What to produce:
Where does the word "moreover" show up in the records? Copy every line that holds it.

Stored data entries

lemma maximal_additive_graph:
  assumes "additive_graph \<Gamma>"
  obtains M where "additive_graph M" "\<Gamma> \<subseteq> M" "\<forall>M'. additive_graph M' \<longrightarrow> M \<subseteq> M' \<longrightarrow> M' = M"
proof -
  define \<A> where "\<A> = {M. additive_graph M \<and> \<Gamma> \<subseteq> M}"
  have "\<exists>M\<in>\<A>. \<forall>M'\<in>\<A>. M \<subseteq> M' \<longrightarrow> M' = M"
  proof (rule subset_Zorn_nonempty)
    show "\<A> \<noteq> {}" using assms unfolding \<A>_def by blast
  next
    fix \<C> assume "\<C> \<noteq> {}" and chain: "subset.chain \<A> \<C>"
    then have "\<C> \<subseteq> \<A>" by (simp add: subset.chain_def)
    have "additive_graph (\<Union>\<C>)"
      using \<open>\<C> \<noteq> {}\<close> chain by (intro additive_graph_Union) (auto simp: subset.chain_def \<A>_def)
    moreover obtain M0 where "M0 \<in> \<C>" using \<open>\<C> \<noteq> {}\<close> by blast
    then have "\<Gamma> \<subseteq> \<Union>\<C>" using \<open>\<C> \<subseteq> \<A>\<close> unfolding \<A>_def by blast
    ultimately show "\<Union>\<C> \<in> \<A>" unfolding \<A>_def by blast
  qed
  then obtain M where M: "additive_graph M" "\<Gamma> \<subseteq> M" and max: "\<forall>M'\<in>\<A>. M \<subseteq> M' \<longrightarrow> M' = M"
    unfolding \<A>_def by blast
  have "M' = M" if "additive_graph M'" "M \<subseteq> M'" for M'
    using max that M(2) unfolding \<A>_def by blast
  with M show ?thesis using that by blast
qed

lemma additive_graph_slope:
  assumes M: "additive_graph M" and x: "x \<in> carrier G"
  obtains t where "\<And>j r. (x [^] (j::int), r) \<in> M \<Longrightarrow> r = of_int j * t"
proof (cases "\<exists>j r. j \<noteq> 0 \<and> (x [^] (j::int), r) \<in> M")
  case True
  then obtain j0 r0 where j0: "j0 \<noteq> 0" and r0: "(x [^] (j0::int), r0) \<in> M" by blast
  show ?thesis
  proof (rule that[of "r0 / of_int j0"])
    fix j r assume jr: "(x [^] (j::int), r) \<in> M"
    have "(x [^] (j * j0), of_int j0 * r) \<in> M"
      using additive_graph_int_pow[OF M jr, of j0] x by (simp add: int_pow_pow)
    moreover have "(x [^] (j * j0), of_int j * r0) \<in> M"
      using additive_graph_int_pow[OF M r0, of j] x by (simp add: int_pow_pow mult.commute)
    ultimately have "of_int j0 * r = of_int j * r0" by (rule additive_graph_unique[OF M])
    then show "r = of_int j * (r0 / of_int j0)" using j0 by (simp add: field_simps)
  qed
next
  case False
  show ?thesis
  proof (rule that[of 0])
    fix j r assume jr: "(x [^] (j::int), r) \<in> M"
    then have "j = 0" using False by blast
    with jr have "(\<one>, r) \<in> M" by simp
    then show "r = of_int j * 0" using additive_graph_unique[OF M _ additive_graph_one[OF M]] by simp
  qed
qed

lemma int_pow_diff_eq_inv_mult:
  assumes "k \<in> carrier G" "k' \<in> carrier G" "x \<in> carrier G" and "k \<otimes> x [^] n = k' \<otimes> x [^] (n'::int)"
  shows "x [^] (n - n') = inv k \<otimes> k'"
proof -
  have "x [^] (n - n') = x [^] n \<otimes> inv (x [^] n')"
    using assms(3) by (rule int_pow_diff)
  also have "\<dots> = inv k \<otimes> (k \<otimes> x [^] n) \<otimes> inv (x [^] n')"
    using assms(1,3) by (simp add: m_assoc[symmetric])
  also have "\<dots> = inv k \<otimes> k'"
    unfolding assms(4) using assms(1-3) by (simp add: m_assoc)
  finally show ?thesis .
qed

Exercise result:
    moreover obtain M0 where "M0 \<in> \<C>" using \<open>\<C> \<noteq> {}\<close> by blast
    moreover have "(x [^] (j * j0), of_int j * r0) \<in> M"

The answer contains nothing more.